Suresh, Visakha BSE*; Levites, Heather MD; Peskoe, Sarah PhD; Hein, Rachel MD; Avashia, Yash MD; Erdmann, Detlev MD, PhD, MHSc

doi: 10.1097/SAP.0000000000001759

Panniculectomy procedures have been reported to significantly improve quality of life, increase mobility, and improve hygiene in patients with a significant pannus formation. The primary aims of this study were to determine which preoperative risk factors may be used to differentiate postoperative complication rate among patient cohorts and to validate utilization of the American College of Surgeons (ACS) National Surgical Quality Improvement Program (NSQIP) risk calculator in patients undergoing panniculectomies.

Methods This retrospective study included all patients who underwent a panniculectomy procedure at our institution from 2005 to 2016. Baseline characteristics, preoperative risk factors, medical comorbidities, and postoperative complications were collected via retrospective chart review.

Results Two hundred sixty-four patients who underwent a panniculectomy were identified. The odds ratios of any postoperative complication were 8.26, 7.76, and 16.6 for patients with classes 1, 2, and 3 obesity, respectively (P < 0.05). Statistical modeling was utilized to evaluate the predictive performance of the ACS-NSQIP Surgical Risk Calculator. We calculated the C-statistic for the ACS-NSQIP model to be only 0.61, indicating that although the model is associated with the risk of complication, it does not have a strong predictive value for this particular procedure.

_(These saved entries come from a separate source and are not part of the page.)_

(* Let $\mathfrak{F}$ be any tube $\boldsymbol{x}(u,\phi)=\boldsymbol{a}(u)+r\cos\phi\,\boldsymbol{h}(u)+r\sin\phi\,\boldsymbol{b}(u)$ in $\mathbb{E}^3$ about a regular unit-speed curve $\boldsymbol{a}$ of finite length with curvature $\kappa>0$, with $0<r<\min 1/|\kappa|$, and let $W$ be any open portion of $\mathfrak{F}$ on which $\cos\phi\neq0$ (equivalently $K\neq0$). Then there is no constant real $3\times3$ matrix $A$ such that the Gauss map $\boldsymbol{N}$ of $\mathfrak{F}$ satisfies $\Delta^{II}\boldsymbol{N}=A\boldsymbol{N}$ on $W$; i.e., every tube in $\mathbb{E}^3$ is of coordinate infinite type Gauss map with respect to the second fundamental form. *)

theory Defs
  imports "HOL-Analysis.Analysis" "HOL-Analysis.Cross3"
begin

definition vd :: "nat \<Rightarrow> (real \<Rightarrow> 'a::real_normed_vector) \<Rightarrow> real \<Rightarrow> 'a" where
  "vd k f = ((\<lambda>g u. vector_derivative g (at u)) ^^ k) f"

definition smooth_curve_on :: "real set \<Rightarrow> (real \<Rightarrow> 'a::real_normed_vector) \<Rightarrow> bool" where
  "smooth_curve_on I f \<longleftrightarrow> (\<forall>k. \<forall>u\<in>I. vd k f differentiable (at u))"

definition curvature :: "(real \<Rightarrow> real^3) \<Rightarrow> real \<Rightarrow> real" where
  "curvature a u = norm (vd 2 a u)"

definition tangent :: "(real \<Rightarrow> real^3) \<Rightarrow> real \<Rightarrow> real^3" where
  "tangent a u = vd 1 a u"

definition principal_normal :: "(real \<Rightarrow> real^3) \<Rightarrow> real \<Rightarrow> real^3" where
  "principal_normal a u = (1 / curvature a u) *\<^sub>R vd 2 a u"

definition binormal :: "(real \<Rightarrow> real^3) \<Rightarrow> real \<Rightarrow> real^3" where
  "binormal a u = cross3 (tangent a u) (principal_normal a u)"

definition tube :: "(real \<Rightarrow> real^3) \<Rightarrow> real \<Rightarrow> real \<Rightarrow> real \<Rightarrow> real^3" where
  "tube a r u \<phi> = a u + (r * cos \<phi>) *\<^sub>R principal_normal a u + (r * sin \<phi>) *\<^sub>R binormal a u"

definition pd_u :: "(real \<Rightarrow> real \<Rightarrow> real^3) \<Rightarrow> real \<Rightarrow> real \<Rightarrow> real^3" where
  "pd_u F u v = vector_derivative (\<lambda>s. F s v) (at u)"

definition pd_v :: "(real \<Rightarrow> real \<Rightarrow> real^3) \<Rightarrow> real \<Rightarrow> real \<Rightarrow> real^3" where
  "pd_v F u v = vector_derivative (\<lambda>t. F u t) (at v)"

definition gauss_map :: "(real \<Rightarrow> real \<Rightarrow> real^3) \<Rightarrow> real \<Rightarrow> real \<Rightarrow> real^3" where
  "gauss_map X u v = (let c = cross3 (pd_u X u v) (pd_v X u v) in (1 / norm c) *\<^sub>R c)"

definition II_e :: "(real \<Rightarrow> real \<Rightarrow> real^3) \<Rightarrow> real \<Rightarrow> real \<Rightarrow> real" where
  "II_e X u v = pd_u (pd_u X) u v \<bullet> gauss_map X u v"

definition II_f :: "(real \<Rightarrow> real \<Rightarrow> real^3) \<Rightarrow> real \<Rightarrow> real \<Rightarrow> real" where
  "II_f X u v = pd_v (pd_u X) u v \<bullet> gauss_map X u v"

definition II_g :: "(real \<Rightarrow> real \<Rightarrow> real^3) \<Rightarrow> real \<Rightarrow> real \<Rightarrow> real" where
  "II_g X u v = pd_v (pd_v X) u v \<bullet> gauss_map X u v"

definition II_det :: "(real \<Rightarrow> real \<Rightarrow> real^3) \<Rightarrow> real \<Rightarrow> real \<Rightarrow> real" where
  "II_det X u v = II_e X u v * II_g X u v - (II_f X u v)^2"

(* Laplace operator of the second fundamental form, applied componentwise to F:
   Delta^II F = -1/sqrt|D| * sum_ij d_i( sqrt|D| h^ij d_j F ),  (h^ij) = II^{-1} *)
definition lap_II :: "(real \<Rightarrow> real \<Rightarrow> real^3) \<Rightarrow> (real \<Rightarrow> real \<Rightarrow> real^3) \<Rightarrow> real \<Rightarrow> real \<Rightarrow> real^3" where
  "lap_II X F u v =
     - (1 / sqrt \<bar>II_det X u v\<bar>) *\<^sub>R
       ( pd_u (\<lambda>s t. (sqrt \<bar>II_det X s t\<bar> / II_det X s t) *\<^sub>R
                 (II_g X s t *\<^sub>R pd_u F s t - II_f X s t *\<^sub>R pd_v F s t)) u v
       + pd_v (\<lambda>s t. (sqrt \<bar>II_det X s t\<bar> / II_det X s t) *\<^sub>R
                 (II_e X s t *\<^sub>R pd_v F s t - II_f X s t *\<^sub>R pd_u F s t)) u v )"

end

theory Submission
  imports Defs "HOL-Computational_Algebra.Polynomial"
begin

text \<open>
  Along the tube the Gauss map is \<open>N = - (cos \<phi> h + sin \<phi> b)\<close>, and the second fundamental
  form has coefficients \<open>e = r \<tau>\<^sup>2 - \<delta> \<kappa> cos \<phi>\<close>, \<open>f = r \<tau>\<close>, \<open>g = r\<close> with
  \<open>\<delta> = 1 - r \<kappa> cos \<phi> > 0\<close>, so \<open>det II = - r \<delta> \<kappa> cos \<phi>\<close>. For fixed \<open>u\<close>, the
  \<open>h\<close>-component of the II-Laplacian of \<open>N\<close> is the rational function
  \<open>\<kappa> / \<delta> - cos \<phi> / r + sin\<^sup>2 \<phi> (1 - 2 r \<kappa> cos \<phi>) / (2 r \<delta> cos \<phi>)\<close> of \<open>\<phi>\<close>,
  whereas the \<open>h\<close>-component of \<open>A N\<close> is a linear combination of \<open>cos \<phi>\<close> and \<open>sin \<phi>\<close>.
  Clearing denominators and squaring away \<open>sin \<phi>\<close> turns the eigen-equation into a polynomial
  equation for \<open>cos \<phi>\<close> with constant term \<open>1\<close>, which cannot hold for the infinitely many
  values that \<open>cos \<phi>\<close> takes on an open set.
\<close>

lemma vd_0 [simp]: "vd 0 f = f"
  by (simp add: vd_def)

lemma vd_Suc: "vd (Suc k) f = (\<lambda>u. vector_derivative (vd k f) (at u))"
  by (simp add: vd_def)

lemma has_real_derivative_inner:
  assumes "(f has_vector_derivative f') (at x)" and "(g has_vector_derivative g') (at x)"
  shows "((\<lambda>x. f x \<bullet> g x) has_real_derivative f x \<bullet> g' + f' \<bullet> g x) (at x)"
  using bounded_bilinear.has_vector_derivative[OF bounded_bilinear_inner assms]
  by (simp add: has_real_derivative_iff_has_vector_derivative)

lemma bounded_bilinear_cross3: "bounded_bilinear (cross3 :: real^3 \<Rightarrow> real^3 \<Rightarrow> real^3)"
  using bilinear_conv_bounded_bilinear bilinear_cross by blast

lemma has_vector_derivative_cross3:
  assumes "(f has_vector_derivative f') (at x)" and "(g has_vector_derivative g') (at x)"
  shows "((\<lambda>x. cross3 (f x) (g x)) has_vector_derivative cross3 (f x) g' + cross3 f' (g x)) (at x)"
  using bounded_bilinear.has_vector_derivative[OF bounded_bilinear_cross3 assms] by simp

lemma has_real_derivative_zero_if_constant_on_open:
  assumes "(f has_real_derivative D) (at u)" and "open S" "u \<in> S" and "\<And>s. s \<in> S \<Longrightarrow> f s = c"
  shows "D = 0"
proof -
  have "(f has_real_derivative 0) (at u)"
    by (rule has_field_derivative_transform_within_open[of "\<lambda>_. c", OF _ assms(2,3)])
      (use assms(4) in auto)
  then show ?thesis using assms(1) DERIV_unique by blast
qed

Discussion This study is one of the first to characterize postoperative complication rate based on extremum of body mass index for panniculectomy patients. Our results show that the utilization of the ACS-NSQIP Risk Calculator in this particular patient population underestimates the complication risk as a whole, which may necessitate the future development of a separate risk assessment model for this procedure.

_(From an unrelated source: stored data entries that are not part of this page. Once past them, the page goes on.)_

lemma rand_f_moment_bounds:
  fixes m :: nat and p :: real
  assumes "0 < \<gamma>" "0 < \<epsilon>" "\<epsilon> \<le> 1" "1 \<le> m" "1 \<le> p" "p \<le> 2 * m" "- \<delta> / 2 \<le> - 1 / m"
    and "prob_space M" "prob_space.indep_vars M (\<lambda>_. borel) c (Lam \<gamma> \<epsilon>)"
    and "\<forall>k\<in>Lam \<gamma> \<epsilon>. distributed M lborel (c k) std_normal_density"
  shows "prob_space.expectation M (\<lambda>\<omega>. Linf01 (rand_f \<gamma> \<epsilon> c \<omega>) powr p) powr (1 / p)
      \<le> sup_moment_constant m * \<epsilon> powr (- \<delta> / 2)
         * sqrt (prob_space.expectation M (\<lambda>\<omega>. (L2_01 (rand_f \<gamma> \<epsilon> c \<omega>))\<^sup>2))"
    and "prob_space.expectation M (\<lambda>\<omega>. Linf01 (rand_f \<gamma> \<epsilon> c \<omega>) powr p) powr (1 / p)
      \<le> sup_moment_constant m * \<epsilon> powr (- (1 + \<delta>) / 2)"
proof -
  have family: "std_normal_family M c (Lam \<gamma> \<epsilon>)"
    using assms(8-10) by (simp add: std_normal_family_def std_normal_family_axioms_def)
  then interpret std_normal_family M c "Lam \<gamma> \<epsilon>" .
  define C where "C = sup_moment_constant m"
  have "0 < C" by (simp add: C_def sup_moment_constant_pos)
  have "expectation (\<lambda>\<omega>. Linf01 (rand_f \<gamma> \<epsilon> c \<omega>) powr p) powr (1 / p)
      \<le> C * \<epsilon> powr (- 1 / m) * sqrt (card (Lam \<gamma> \<epsilon>))"
    using Linf01_rand_f_moment_le[OF family assms(1-6)] by (simp add: C_def)
  also have "\<dots> \<le> C * \<epsilon> powr (- \<delta> / 2) * sqrt (card (Lam \<gamma> \<epsilon>))"
    using assms(2,3,7) \<open>0 < C\<close> by (intro mult_right_mono mult_left_mono powr_mono') auto
  finally have moment: "expectation (\<lambda>\<omega>. Linf01 (rand_f \<gamma> \<epsilon> c \<omega>) powr p) powr (1 / p)
      \<le> C * \<epsilon> powr (- \<delta> / 2) * sqrt (card (Lam \<gamma> \<epsilon>))" .
  have "expectation (\<lambda>\<omega>. (L2_01 (rand_f \<gamma> \<epsilon> c \<omega>))\<^sup>2) = card (Lam \<gamma> \<epsilon>)"
    unfolding rand_f_eq_cosine_sum using assms(1,2)
    by (intro expectation_L2_01_cosine_sum finite_Lam mem_Lam_bounds(1)) auto
  with moment show "expectation (\<lambda>\<omega>. Linf01 (rand_f \<gamma> \<epsilon> c \<omega>) powr p) powr (1 / p)
      \<le> sup_moment_constant m * \<epsilon> powr (- \<delta> / 2)
         * sqrt (expectation (\<lambda>\<omega>. (L2_01 (rand_f \<gamma> \<epsilon> c \<omega>))\<^sup>2))"
    by (simp add: C_def)
  have "C * \<epsilon> powr (- \<delta> / 2) * sqrt (card (Lam \<gamma> \<epsilon>)) \<le> C * \<epsilon> powr (- \<delta> / 2) * \<epsilon> powr (- 1 / 2)"
    using sqrt_card_Lam_le[OF assms(1,2)] \<open>0 < C\<close> by (intro mult_left_mono) auto
  also have "\<dots> = C * \<epsilon> powr (- (1 + \<delta>) / 2)"
    unfolding mult.assoc powr_add[symmetric] by (simp add: field_simps)
  finally show "expectation (\<lambda>\<omega>. Linf01 (rand_f \<gamma> \<epsilon> c \<omega>) powr p) powr (1 / p)
      \<le> sup_moment_constant m * \<epsilon> powr (- (1 + \<delta>) / 2)"
    using moment by (simp add: C_def)
qed

theorem corollary2p5:
  fixes \<gamma> :: real
  assumes "0 < \<gamma>" "\<gamma> < 1"
  shows "\<forall>p>1. \<forall>\<delta>>0. \<exists>C>0. \<forall>\<epsilon>. 0 < \<epsilon> \<and> \<epsilon> \<le> 1 \<longrightarrow>
     (\<forall>(M :: 'a measure) (c :: nat \<Rightarrow> 'a \<Rightarrow> real).
        prob_space M \<and>
        prob_space.indep_vars M (\<lambda>_. borel) c (Lam \<gamma> \<epsilon>) \<and>
        (\<forall>k\<in>Lam \<gamma> \<epsilon>. distributed M lborel (c k) std_normal_density) \<longrightarrow>
        (prob_space.expectation M (\<lambda>\<omega>. Linf01 (rand_f \<gamma> \<epsilon> c \<omega>) powr p)) powr (1 / p)
          \<le> C * \<epsilon> powr (- \<delta> / 2)
             * sqrt (prob_space.expectation M (\<lambda>\<omega>. (L2_01 (rand_f \<gamma> \<epsilon> c \<omega>))\<^sup>2))
        \<and> (prob_space.expectation M (\<lambda>\<omega>. Linf01 (rand_f \<gamma> \<epsilon> c \<omega>) powr p)) powr (1 / p)
          \<le> C * \<epsilon> powr (- (1 + \<delta>) / 2))"
proof (intro allI impI, goal_cases)
  case (1 p \<delta>)
  then obtain m :: nat where m: "1 \<le> m" "p \<le> 2 * m" "- \<delta> / 2 \<le> - 1 / m"
    by (rule exponent_choice)
  show ?case
    using m less_imp_le[OF \<open>1 < p\<close>] assms(1)
    by (intro exI[of _ "sup_moment_constant m"] conjI sup_moment_constant_pos allI impI rand_f_moment_bounds)
      blast+
qed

From the *Duke University School of Medicine;

Division of Plastic, Maxillofacial, and Oral Surgery, Department of Surgery, and

Department of Biostatistics and Bioinformatics, Duke University Medical Center, Durham, NC.

Received July 5, 2018, and accepted for publication, after revision October 17, 2018.

Author Contributions: V.S.: study idea and design, data collection, data analysis and interpretation, manuscript drafting and editing. H.L.: data analysis, manuscript drafting and editing. S.P.: statistical analysis. R.H.: manuscript drafting and editing. Y.A.: study design, manuscript drafting and editing. D.E.: study idea and design, manuscript drafting and editing.

Institutional review board approval was obtained for this study.

This study was presented at the 63rd Annual Meeting of the Plastic Surgery Research Council in Birmingham, AL, in May 2018.

Conflicts of interest and sources of funding: none declared.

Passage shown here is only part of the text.